Effects of glucose-to-fructose ratios in solutions on subjective satiety, food intake, and satiety hormones in young men
Tina Akhavan and G Harvey Anderson, Department of Nutritional Sciences, Faculty of Medicine, University of Toronto, Toronto, ON, Canada.

Background: The greater prevalence of obesity and the metabolic syndrome in the past 35 y has been attributed to the replacement of sucrose in the food supply with high-fructose corn syrup (HFCS).

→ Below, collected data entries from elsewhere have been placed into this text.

lemma singleton_in_O_verts:
  assumes "{x} \<in> \<T>" "x \<in> C" "C \<noteq> {x}"
  shows "{x} \<in> O_verts \<T> C"
proof -
  have "is_C_test C {x}" using assms(2,3) unfolding is_C_test_def by blast
  then show ?thesis using assms(1,2) unfolding O_verts_def by blast
qed

lemma O_verts_rooted_laminar:
  assumes C: "C \<in> induced_classes n \<F>"
    and two_more: "\<forall>T\<in>\<T> - \<F>. \<forall>T'\<in>\<T> - \<F>.
          card (induced_classes n (\<F> \<union> {T, T'})) \<le> card (induced_classes n \<F>) + 2"
    and half: "\<forall>S\<in>\<T>. is_C_test C S \<longrightarrow> 2 * card (S \<inter> C) \<le> card C"
  shows "rooted_laminar (O_verts \<T> C) C"
proof
  have "finite C" using induced_class_subset[OF C] finite_subset by blast
  moreover have "O_verts \<T> C \<subseteq> Pow C" unfolding O_verts_def by blast
  ultimately show "finite (O_verts \<T> C)" by (meson finite_Pow_iff finite_subset)
  show "C \<in> O_verts \<T> C" unfolding O_verts_def by blast
  show "X \<subseteq> C" if "X \<in> O_verts \<T> C" for X using that unfolding O_verts_def by blast
  show "X \<noteq> {}" if "X \<in> O_verts \<T> C" "X \<noteq> C" for X
    using that unfolding O_verts_def is_C_test_def by blast
  show "laminar (O_verts \<T> C)"
    unfolding laminar_def
  proof (intro ballI)
    fix X Y assume "X \<in> O_verts \<T> C" "Y \<in> O_verts \<T> C"
    then consider "X = C \<or> Y = C"
      | S S' where "S \<in> \<T>" "is_C_test C S" "X = S \<inter> C" "S' \<in> \<T>" "is_C_test C S'" "Y = S' \<inter> C"
      unfolding O_verts_def by blast
    then show "X \<inter> Y = {} \<or> X \<subseteq> Y \<or> Y \<subseteq> X"
    proof cases
      case 1
      moreover have "X \<subseteq> C" "Y \<subseteq> C"
        using \<open>X \<in> O_verts \<T> C\<close> \<open>Y \<in> O_verts \<T> C\<close> unfolding O_verts_def by blast+
      ultimately show ?thesis by blast
    next
      case 2
      then show ?thesis
        using C_test_traces_laminar[OF C two_more half 2(1,2,4,5)] by (simp add: laminar_def)
    qed
  qed
qed

(* The theorem: O_C is an out-tree rooted at C whose non-leaves branch.  Only the two-test
   bound, the half-size bound and the singleton tests are needed. *)
theorem mainTheorem11:
  fixes n :: nat and \<T> \<F> :: "nat set set"
  assumes cover: "is_test_cover n \<T>"
    and singletons: "\<forall>x\<in>{1..n}. {x} \<in> \<T>"
    and F_sub: "\<F> \<subseteq> \<T>"
    and one_more: "\<forall>T\<in>\<T> - \<F>.
          card (induced_classes n (\<F> \<union> {T})) \<le> card (induced_classes n \<F>) + 1"
    and two_more: "\<forall>T\<in>\<T> - \<F>. \<forall>T'\<in>\<T> - \<F>.
          card (induced_classes n (\<F> \<union> {T, T'})) \<le> card (induced_classes n \<F>) + 2"
    and half: "\<forall>C\<in>induced_classes n \<F>. \<forall>S\<in>\<T>.
          is_C_test C S \<longrightarrow> 2 * card (S \<inter> C) \<le> card C"
    and C: "C \<in> induced_classes n \<F>"
  shows "is_out_tree_rooted (O_verts \<T> C) (O_arcs \<T> C) C \<and>
         (\<forall>v\<in>O_verts \<T> C. 0 < out_degree (O_arcs \<T> C) v \<longrightarrow> 2 \<le> out_degree (O_arcs \<T> C) v)"
proof -
  interpret rooted_laminar "O_verts \<T> C" C
    using O_verts_rooted_laminar[OF C two_more bspec[OF half C]] .
  have "{x} \<in> O_verts \<T> C" if "x \<in> C" "C \<noteq> {x}" for x
    using singleton_in_O_verts singletons induced_class_subset[OF C] that by blast
  then show ?thesis unfolding O_arcs_hasse using out_tree out_degree_two by blast
qed

end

Objective: Two experiments were conducted to determine the effect of solutions containing sucrose, HFCS, or various ratios of glucose to fructose (G:F) on food intake (FI), average appetite (AA), blood glucose (BG), plasma insulin, ghrelin, and uric acid (UA) in men.

Design: Sugar solutions (300 kcal/300 mL) were (in %) G20:F80, HFCS 55 (G45:F55), sucrose, and G80:F20 (experiment 1, n = 12) and G20:F80, G35:F65, G50:F50, sucrose, and G80:F20 (experiment 2, n = 19). The controls were a sweet energy-free control (experiment 1) and water (both experiments). Solutions were provided in a repeated-measures design. AA, BG, and FI were measured in all subjects. Hormonal responses and UA were measured in 7 subjects in experiment 2. Measurements were taken from baseline to 75 min. FI was measured at 80 min.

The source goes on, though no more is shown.